[History of the English People, Volume II (of 8) by John Richard Green]@TWC D-Link bookHistory of the English People, Volume II (of 8) CHAPTER III 68/130
His marriage with the heiress of the Earl of Ulster brought to the king's second son, Lionel, Duke of Clarence, a great part of the possessions of the de Burghs.
Later on the possessions of the house of Bohun passed by like matches to his youngest son, Thomas of Woodstock, and to his grandson, Henry of Lancaster.
But the greatest English heritage fell to Edward's third living son, John of Gaunt as he was called from his birth at Ghent during his father's Flemish campaign.
Originally created Earl of Richmond, the death of his father-in-law, Henry of Lancaster, and of Henry's eldest daughter, raised John in his wife's right to the Dukedom of Lancaster and the Earldoms of Derby, Leicester, and Lincoln.
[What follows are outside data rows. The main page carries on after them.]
lemma triple_irreducible:
  assumes "(E, a, b) \<in> Ts" and "irreducible a"
  shows "\<exists>b'. reds b b' \<and> insert (a, b') E \<in> Es"
proof -
  have "is_val a \<or> stuck a" using assms unfolding stuck_def by blast
  then show ?thesis using triple_clauses[OF assms(1)] by blast
qed

lemma env_clauses:
  "E \<in> Es \<Longrightarrow>
       (\<forall>s0 s1 v0 v1. (Lam s0, Lam s1) \<in> E \<longrightarrow> is_val v0 \<longrightarrow> is_val v1 \<longrightarrow>
           rtilde E v0 v1 \<longrightarrow> (E, subst0 v0 s0, subst0 v1 s1) \<in> Ts) \<and>
       (\<forall>E0 E1 s0 s1 E0' E1'. is_pctx E0 \<longrightarrow> is_pctx E1 \<longrightarrow>
           (plug E0 (Shift s0), plug E1 (Shift s1)) \<in> E \<longrightarrow>
           is_pctx E0' \<longrightarrow> is_pctx E1' \<longrightarrow> rhat E E0' E1' \<longrightarrow>
           (E, Reset (subst0 (cont2 E0' E0) s0), Reset (subst0 (cont2 E1' E1) s1)) \<in> Ts)"
  using env_bisim unfolding env_bisim_def by (elim conjE) (erule bspec)

lemma env_lam:
  "E \<in> Es \<Longrightarrow> (Lam s0, Lam s1) \<in> E \<Longrightarrow> is_val v0 \<Longrightarrow> is_val v1 \<Longrightarrow> rtilde E v0 v1 \<Longrightarrow>
    (E, subst0 v0 s0, subst0 v1 s1) \<in> Ts"
  using env_clauses by blast

lemma env_shift:
  "E \<in> Es \<Longrightarrow> is_pctx E0 \<Longrightarrow> is_pctx E1 \<Longrightarrow> (plug E0 (Shift s0), plug E1 (Shift s1)) \<in> E \<Longrightarrow>
    is_pctx E0' \<Longrightarrow> is_pctx E1' \<Longrightarrow> rhat E E0' E1' \<Longrightarrow>
    (E, Reset (subst0 (cont2 E0' E0) s0), Reset (subst0 (cont2 E1' E1) s1)) \<in> Ts"
  using env_clauses by blast

lemma env_shift_contr:
  assumes E: "E \<in> Es" and Ea: "is_pctx Ea" "closedn_ctx 0 Ea" "closedn_ctx 0 E1a" "cclosn E j Ea E1a"
    and Eb: "is_pctx Eb" "(plug Eb (Shift b), c) \<in> E"
  shows "\<exists>x1'. contr (Reset (plug E1a c)) x1' \<and> (E, Reset (subst0 (cont (ctx_comp Ea Eb)) b), x1') \<in> Ts"
proof -
  obtain Ec b1 where Ec: "is_pctx Ec" "c = plug Ec (Shift b1)"
    using is_env_stuck[OF is_env[OF E] Eb(2) stuck_plug_pctx_Shift[OF Eb(1), of b]]
    by (elim exE conjE) (rule that)
  have E1a: "is_pctx E1a" using cclosn_is_pctx[OF Ea(4) Ea(1)] .
  have "rhat E Ea E1a" using rhat_if_cclosn[OF Ea(4) is_pctx_imp_is_fctx[OF Ea(1)] Ea(2,3)] .
  moreover have "(plug Eb (Shift b), plug Ec (Shift b1)) \<in> E" using Eb(2) Ec(2) by simp
  ultimately have "(E, Reset (subst0 (cont2 Ea Eb) b), Reset (subst0 (cont2 E1a Ec) b1)) \<in> Ts"
    using env_shift[OF E Eb(1) Ec(1) _ Ea(1) E1a] by blast
  moreover have "contr (Reset (plug E1a c)) (Reset (subst0 (cont (ctx_comp E1a Ec)) b1))"
    using contr.shift[of "ctx_comp E1a Ec" b1] Ec E1a by simp
  moreover have "cont (ctx_comp Ea Eb) = cont2 Ea Eb" "cont (ctx_comp E1a Ec) = cont2 E1a Ec"
    using cont_ctx_comp is_pctx_imp_is_fctx Ea(1) E1a by simp_all
  ultimately show ?thesis by metis
qed

lemma env_tclosn_beta:
  assumes E: "E \<in> Es" and tc: "tclosn E k (App (Lam b) v) x1" and v: "is_val v"
    and cl: "closedn 0 (App (Lam b) v)" "closedn 0 x1"
  shows "\<exists>x1'. contr x1 x1' \<and> ((\<exists>k'. tclosn E k' (subst0 v b) x1') \<or> (E, subst0 v b, x1') \<in> Ts)"
  using tc
proof (cases rule: tclosn_AppE)
  case leaf
  have "redex (App (Lam b) v)" using v by (simp add: redex_iff)
  then show ?thesis using is_env_not_redex[OF is_env[OF E], of Hole "App (Lam b) v" x1] leaf by simp
next
  case (app k1 y k2 z)
  have z: "is_val z" using is_env_tclosn_val[OF is_env[OF E] \<open>tclosn E k2 v z\<close> v] .
  from \<open>tclosn E k1 (Lam b) y\<close> show ?thesis
  proof (cases rule: tclosn_LamE)
    case leaf
    then obtain b1 where y: "y = Lam b1"
      using is_env_tclosn_val[OF is_env[OF E] \<open>tclosn E k1 (Lam b) y\<close>] by (auto simp: is_val_iff)
    have "closedn 0 v" "closedn 0 z" using app(1) cl by simp_all
    then have "rtilde E v z"
      unfolding rtilde_def closed_def tclos_iff_tclosn using app(3) by blast
    then have "(E, subst0 v b, subst0 z b1) \<in> Ts" using env_lam[OF E _ v z] leaf y by simp
    then show ?thesis using contr.beta[OF z] app y by blast
  next
    case (lam b1)
    obtain k' where "tclosn E k' (subst0 v b) (subst0 z b1)"
      using tclosn_subst[OF \<open>tclosn E k1 b b1\<close> closed_rel_if_is_env[OF is_env[OF E]] \<open>tclosn E k2 v z\<close>]
      by blast
    then show ?thesis using contr.beta[OF z] app lam by blast
  qed
qed

lemma env_tclosn_plug_pctx_Shift:
  assumes E: "E \<in> Es" and tc: "tclosn E k (plug E0 (Shift b)) y" and E0: "is_pctx E0"
    and cl: "closedn 0 (plug E0 (Shift b))" "closedn 0 y"
  shows "\<exists>x1'. contr (Reset y) x1' \<and> ((\<exists>k'. tclosn E k' (Reset (subst0 (cont E0) b)) x1') \<or>
    (E, Reset (subst0 (cont E0) b), x1') \<in> Ts)"
proof -
  have clE0: "closedn_ctx 0 E0" using cl E0 closedn_plug_fctx is_pctx_imp_is_fctx by blast
  have "fctx_split E k E0 (Shift b) y"
    using tclosn_plug_fctx_split tc E0 is_pctx_imp_is_fctx by blast
  then show ?thesis
    unfolding fctx_split_def
  proof (elim disjE exE conjE)
    fix Ea Eb E1a c j
    assume split: "E0 = ctx_comp Ea Eb" "(plug Eb (Shift b), c) \<in> E" "y = plug E1a c" "cclosn E j Ea E1a"
    have "is_fctx E1a" using cclosn_is_fctx[OF split(4)] E0 split(1) is_pctx_imp_is_fctx by simp
    then have "closedn_ctx 0 E1a" using cl(2) split(3) closedn_plug_fctx by blast
    then show ?thesis
      using env_shift_contr[OF E _ _ _ split(4) _ split(2)] split clE0 E0 by auto
  next
    fix G0 G1 j w w1
    assume "(w, w1) \<in> E" "is_val w" "\<not> is_val w1"
    then show ?thesis using is_envD[OF is_env[OF E]] unfolding stuck_def by blast
  next
    fix E1 z i1 i2
    assume hole: "y = plug E1 z" "cclosn E i1 E0 E1" "tclosn E i2 (Shift b) z"
    have E1: "is_pctx E1" using cclosn_is_pctx hole E0 by blast
    have clE1: "closedn_ctx 0 E1" using cl hole E1 closedn_plug_fctx is_pctx_imp_is_fctx by auto
    from \<open>tclosn E i2 (Shift b) z\<close> show ?thesis
    proof (cases rule: tclosn_ShiftE)
      case leaf
      then show ?thesis using env_shift_contr[OF E E0 clE0 clE1 hole(2), of Hole b z] hole by auto
    next
      case (shft b1)
      have "tclosn E i1 (cont E0) (cont E1)" using tclosn_cont hole E0 clE0 clE1 by blast
      then obtain k' where "tclosn E k' (subst0 (cont E0) b) (subst0 (cont E1) b1)"
        using tclosn_subst[OF \<open>tclosn E i2 b b1\<close> closed_rel_if_is_env[OF is_env[OF E]]] by blast
      then show ?thesis using contr.shift[OF E1] hole shft by (blast intro: tclosn.rst)
    qed
  qed
qed

lemma env_tclosn_shift:
  assumes E: "E \<in> Es" and tc: "tclosn E k (Reset (plug E0 (Shift b))) x1" and E0: "is_pctx E0"
    and cl: "closedn 0 (plug E0 (Shift b))" "closedn 0 x1"
  shows "\<exists>x1'. contr x1 x1' \<and> ((\<exists>k'. tclosn E k' (Reset (subst0 (cont E0) b)) x1') \<or>
    (E, Reset (subst0 (cont E0) b), x1') \<in> Ts)"
  using tc
proof (cases rule: tclosn_ResetE)
  case leaf
  then show ?thesis
    using is_env_not_redex[OF is_env[OF E], of Hole "Reset (plug E0 (Shift b))" x1] E0
    by (auto simp: redex_iff)
next
  case (rst y)
  then show ?thesis using env_tclosn_plug_pctx_Shift[OF E _ E0 cl(1)] cl(2) by simp
qed

lemma env_tclosn_contr:
  assumes E: "E \<in> Es" and "tclosn E k r x1" "contr r r'" "closedn 0 r" "closedn 0 x1"
  shows "\<exists>x1'. contr x1 x1' \<and> ((\<exists>k'. tclosn E k' r' x1') \<or> (E, r', x1') \<in> Ts)"
  using assms(3)
proof cases
  case (beta v t)
  then show ?thesis using env_tclosn_beta assms by simp
next
  case (shift E0 t)
  then show ?thesis using env_tclosn_shift assms by simp
next
  case reset
  from assms(2) reset have "tclosn E k (Reset r') x1" by simp
  then show ?thesis
  proof (cases rule: tclosn_ResetE)
    case leaf
    then show ?thesis
      using is_env_not_redex[OF is_env[OF E], of Hole "Reset r'" x1] reset by (auto simp: redex_iff)
  next
    case (rst y)
    then show ?thesis using contr.reset is_env_tclosn_val[OF is_env[OF E]] reset by blast
  qed
qed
But while the baronage were thus bound to the Crown, they drifted more and more into an hostility with the Church which in time disabled the clergy from acting as a check on it. What rent the ruling classes in twain was the growing pressure of the war. The nobles and knighthood of the country, already half ruined by the rise in the labour market and the attitude of the peasantry, were pressed harder than ever by the repeated subsidies which were called for by the continuance of the struggle.